--- Data shown Enclosed Below ---
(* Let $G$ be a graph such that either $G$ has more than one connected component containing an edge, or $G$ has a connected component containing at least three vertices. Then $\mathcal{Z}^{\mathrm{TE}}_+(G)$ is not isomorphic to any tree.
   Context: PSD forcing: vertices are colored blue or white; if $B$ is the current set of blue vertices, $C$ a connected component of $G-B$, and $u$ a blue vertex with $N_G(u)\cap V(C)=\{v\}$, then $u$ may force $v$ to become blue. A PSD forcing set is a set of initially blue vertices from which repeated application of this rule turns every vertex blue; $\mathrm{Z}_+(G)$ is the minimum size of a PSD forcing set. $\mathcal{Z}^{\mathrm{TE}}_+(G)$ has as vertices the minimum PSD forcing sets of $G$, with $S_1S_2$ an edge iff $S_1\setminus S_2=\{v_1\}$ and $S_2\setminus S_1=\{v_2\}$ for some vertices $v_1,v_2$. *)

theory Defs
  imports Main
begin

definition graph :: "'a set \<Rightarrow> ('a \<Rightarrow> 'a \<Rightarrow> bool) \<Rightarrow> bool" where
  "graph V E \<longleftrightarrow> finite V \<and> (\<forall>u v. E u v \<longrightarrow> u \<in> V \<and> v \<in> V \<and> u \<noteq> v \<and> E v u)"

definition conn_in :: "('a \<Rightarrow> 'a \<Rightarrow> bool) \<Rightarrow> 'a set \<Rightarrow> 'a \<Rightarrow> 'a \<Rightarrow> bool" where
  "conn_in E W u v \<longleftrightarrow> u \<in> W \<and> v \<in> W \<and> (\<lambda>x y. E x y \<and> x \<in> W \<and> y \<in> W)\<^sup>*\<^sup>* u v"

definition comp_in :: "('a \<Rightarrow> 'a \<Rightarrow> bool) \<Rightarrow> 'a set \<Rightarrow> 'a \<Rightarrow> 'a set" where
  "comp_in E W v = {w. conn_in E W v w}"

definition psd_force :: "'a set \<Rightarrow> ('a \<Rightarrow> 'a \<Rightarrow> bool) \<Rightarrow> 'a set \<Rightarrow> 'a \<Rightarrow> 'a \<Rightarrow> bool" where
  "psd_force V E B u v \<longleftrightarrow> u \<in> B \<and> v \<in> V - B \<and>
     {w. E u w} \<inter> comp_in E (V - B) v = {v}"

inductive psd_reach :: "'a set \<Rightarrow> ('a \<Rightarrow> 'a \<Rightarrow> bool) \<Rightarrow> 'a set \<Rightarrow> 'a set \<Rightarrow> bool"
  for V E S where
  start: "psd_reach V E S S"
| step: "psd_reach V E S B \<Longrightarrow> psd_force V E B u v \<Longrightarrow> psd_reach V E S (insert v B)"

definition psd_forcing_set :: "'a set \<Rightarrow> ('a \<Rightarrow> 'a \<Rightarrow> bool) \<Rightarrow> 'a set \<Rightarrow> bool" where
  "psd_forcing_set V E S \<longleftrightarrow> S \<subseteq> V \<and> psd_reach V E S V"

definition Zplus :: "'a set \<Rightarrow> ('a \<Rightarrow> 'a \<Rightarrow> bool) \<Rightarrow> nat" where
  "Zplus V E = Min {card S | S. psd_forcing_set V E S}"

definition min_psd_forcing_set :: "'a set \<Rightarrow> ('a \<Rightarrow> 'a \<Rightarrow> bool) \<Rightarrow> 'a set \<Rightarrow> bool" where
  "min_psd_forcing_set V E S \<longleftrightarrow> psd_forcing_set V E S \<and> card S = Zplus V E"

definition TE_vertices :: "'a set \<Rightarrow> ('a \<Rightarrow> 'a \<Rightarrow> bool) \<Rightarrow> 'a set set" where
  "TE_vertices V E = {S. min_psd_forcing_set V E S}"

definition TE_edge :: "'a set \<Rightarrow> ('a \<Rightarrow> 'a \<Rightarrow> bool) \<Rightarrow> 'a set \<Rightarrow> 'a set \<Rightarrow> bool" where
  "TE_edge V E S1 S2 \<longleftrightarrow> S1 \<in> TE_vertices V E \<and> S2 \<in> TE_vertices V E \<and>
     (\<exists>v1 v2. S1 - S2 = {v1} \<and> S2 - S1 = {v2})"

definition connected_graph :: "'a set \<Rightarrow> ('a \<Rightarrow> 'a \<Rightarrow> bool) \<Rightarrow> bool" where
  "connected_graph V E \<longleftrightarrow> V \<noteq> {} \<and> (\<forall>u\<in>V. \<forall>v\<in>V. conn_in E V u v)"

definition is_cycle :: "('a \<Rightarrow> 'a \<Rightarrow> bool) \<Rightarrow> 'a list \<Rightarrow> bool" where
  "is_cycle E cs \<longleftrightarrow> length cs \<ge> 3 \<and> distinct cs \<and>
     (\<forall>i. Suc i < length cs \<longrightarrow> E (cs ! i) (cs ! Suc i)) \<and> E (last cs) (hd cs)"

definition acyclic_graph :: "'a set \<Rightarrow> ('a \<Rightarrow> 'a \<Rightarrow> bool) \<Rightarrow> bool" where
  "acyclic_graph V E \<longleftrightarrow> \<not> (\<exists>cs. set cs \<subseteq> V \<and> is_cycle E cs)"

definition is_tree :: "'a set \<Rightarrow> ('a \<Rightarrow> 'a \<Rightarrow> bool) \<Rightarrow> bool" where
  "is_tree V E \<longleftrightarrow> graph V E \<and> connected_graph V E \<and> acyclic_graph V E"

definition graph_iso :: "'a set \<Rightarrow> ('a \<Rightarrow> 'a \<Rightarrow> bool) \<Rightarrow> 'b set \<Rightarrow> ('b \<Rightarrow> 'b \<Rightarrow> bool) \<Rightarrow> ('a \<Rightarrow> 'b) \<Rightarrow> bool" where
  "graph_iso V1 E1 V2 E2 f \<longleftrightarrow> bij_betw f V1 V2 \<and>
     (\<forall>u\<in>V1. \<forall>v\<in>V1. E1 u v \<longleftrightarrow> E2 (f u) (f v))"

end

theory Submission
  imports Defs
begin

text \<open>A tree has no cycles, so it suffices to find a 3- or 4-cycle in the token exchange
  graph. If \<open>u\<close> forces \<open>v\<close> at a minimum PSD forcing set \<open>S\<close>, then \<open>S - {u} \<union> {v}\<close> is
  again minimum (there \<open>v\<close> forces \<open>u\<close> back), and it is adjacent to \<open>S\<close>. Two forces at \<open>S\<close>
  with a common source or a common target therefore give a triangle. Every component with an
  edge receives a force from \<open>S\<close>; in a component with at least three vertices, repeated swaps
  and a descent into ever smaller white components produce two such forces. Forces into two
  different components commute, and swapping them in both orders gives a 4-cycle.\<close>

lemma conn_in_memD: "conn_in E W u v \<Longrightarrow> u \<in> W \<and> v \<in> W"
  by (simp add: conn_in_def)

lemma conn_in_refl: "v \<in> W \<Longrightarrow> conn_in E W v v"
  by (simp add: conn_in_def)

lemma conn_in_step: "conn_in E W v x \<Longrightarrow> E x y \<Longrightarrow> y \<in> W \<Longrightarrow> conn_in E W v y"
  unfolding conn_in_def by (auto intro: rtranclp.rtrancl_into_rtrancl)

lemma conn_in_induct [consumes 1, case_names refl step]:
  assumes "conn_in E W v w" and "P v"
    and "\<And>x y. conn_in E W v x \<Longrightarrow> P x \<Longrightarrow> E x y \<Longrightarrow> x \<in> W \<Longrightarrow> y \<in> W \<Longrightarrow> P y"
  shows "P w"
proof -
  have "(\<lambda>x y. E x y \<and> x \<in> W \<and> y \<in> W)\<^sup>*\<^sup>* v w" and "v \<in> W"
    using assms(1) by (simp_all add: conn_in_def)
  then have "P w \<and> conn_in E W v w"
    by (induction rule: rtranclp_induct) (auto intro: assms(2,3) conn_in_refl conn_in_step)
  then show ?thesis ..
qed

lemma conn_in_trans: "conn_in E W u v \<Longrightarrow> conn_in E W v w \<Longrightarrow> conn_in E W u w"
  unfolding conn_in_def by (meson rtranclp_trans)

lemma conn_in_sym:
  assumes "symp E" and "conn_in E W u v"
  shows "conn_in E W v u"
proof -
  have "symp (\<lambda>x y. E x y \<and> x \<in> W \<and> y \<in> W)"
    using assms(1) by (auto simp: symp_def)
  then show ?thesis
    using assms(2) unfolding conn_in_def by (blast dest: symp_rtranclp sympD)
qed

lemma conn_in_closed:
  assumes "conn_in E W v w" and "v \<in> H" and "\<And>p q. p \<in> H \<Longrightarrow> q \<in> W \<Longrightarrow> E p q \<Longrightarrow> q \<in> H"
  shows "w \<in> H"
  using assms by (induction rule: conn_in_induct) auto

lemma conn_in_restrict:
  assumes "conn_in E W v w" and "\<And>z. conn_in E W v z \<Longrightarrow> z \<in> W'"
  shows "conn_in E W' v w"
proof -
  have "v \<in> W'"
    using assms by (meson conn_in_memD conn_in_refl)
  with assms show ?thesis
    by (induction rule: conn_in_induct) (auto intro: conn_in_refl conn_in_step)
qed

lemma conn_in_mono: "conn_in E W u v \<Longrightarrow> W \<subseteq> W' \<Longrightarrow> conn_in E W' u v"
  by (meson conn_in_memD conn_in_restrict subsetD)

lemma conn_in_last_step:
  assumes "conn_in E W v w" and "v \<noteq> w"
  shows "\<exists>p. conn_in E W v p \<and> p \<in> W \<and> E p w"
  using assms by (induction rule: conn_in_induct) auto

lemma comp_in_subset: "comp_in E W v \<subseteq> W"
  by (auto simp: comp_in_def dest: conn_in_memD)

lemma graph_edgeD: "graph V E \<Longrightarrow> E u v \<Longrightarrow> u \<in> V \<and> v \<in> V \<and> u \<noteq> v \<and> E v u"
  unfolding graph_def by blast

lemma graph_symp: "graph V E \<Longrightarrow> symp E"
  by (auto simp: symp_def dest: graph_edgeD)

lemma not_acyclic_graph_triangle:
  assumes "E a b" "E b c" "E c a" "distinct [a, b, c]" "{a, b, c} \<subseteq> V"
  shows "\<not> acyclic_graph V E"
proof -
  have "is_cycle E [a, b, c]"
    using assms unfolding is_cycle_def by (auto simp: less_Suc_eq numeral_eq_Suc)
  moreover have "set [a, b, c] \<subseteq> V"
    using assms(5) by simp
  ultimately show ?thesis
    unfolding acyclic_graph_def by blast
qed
--- End of Enclosed Data shown ---
## Assigned task
Taking the listing above as the source, transcribe only the lines starting at the line with "by (induction rule: rtranclp_induct)" and going through the line with "using assms by (meson", unaltered and with both ends included.

## Solved exercise
    by (induction rule: rtranclp_induct) (auto intro: assms(2,3) conn_in_refl conn_in_step)
  then show ?thesis ..
qed

lemma conn_in_trans: "conn_in E W u v \<Longrightarrow> conn_in E W v w \<Longrightarrow> conn_in E W u w"
  unfolding conn_in_def by (meson rtranclp_trans)

lemma conn_in_sym:
  assumes "symp E" and "conn_in E W u v"
  shows "conn_in E W v u"
proof -
  have "symp (\<lambda>x y. E x y \<and> x \<in> W \<and> y \<in> W)"
    using assms(1) by (auto simp: symp_def)
  then show ?thesis
    using assms(2) unfolding conn_in_def by (blast dest: symp_rtranclp sympD)
qed

lemma conn_in_closed:
  assumes "conn_in E W v w" and "v \<in> H" and "\<And>p q. p \<in> H \<Longrightarrow> q \<in> W \<Longrightarrow> E p q \<Longrightarrow> q \<in> H"
  shows "w \<in> H"
  using assms by (induction rule: conn_in_induct) auto

lemma conn_in_restrict:
  assumes "conn_in E W v w" and "\<And>z. conn_in E W v z \<Longrightarrow> z \<in> W'"
  shows "conn_in E W' v w"
proof -
  have "v \<in> W'"
    using assms by (meson conn_in_memD conn_in_refl)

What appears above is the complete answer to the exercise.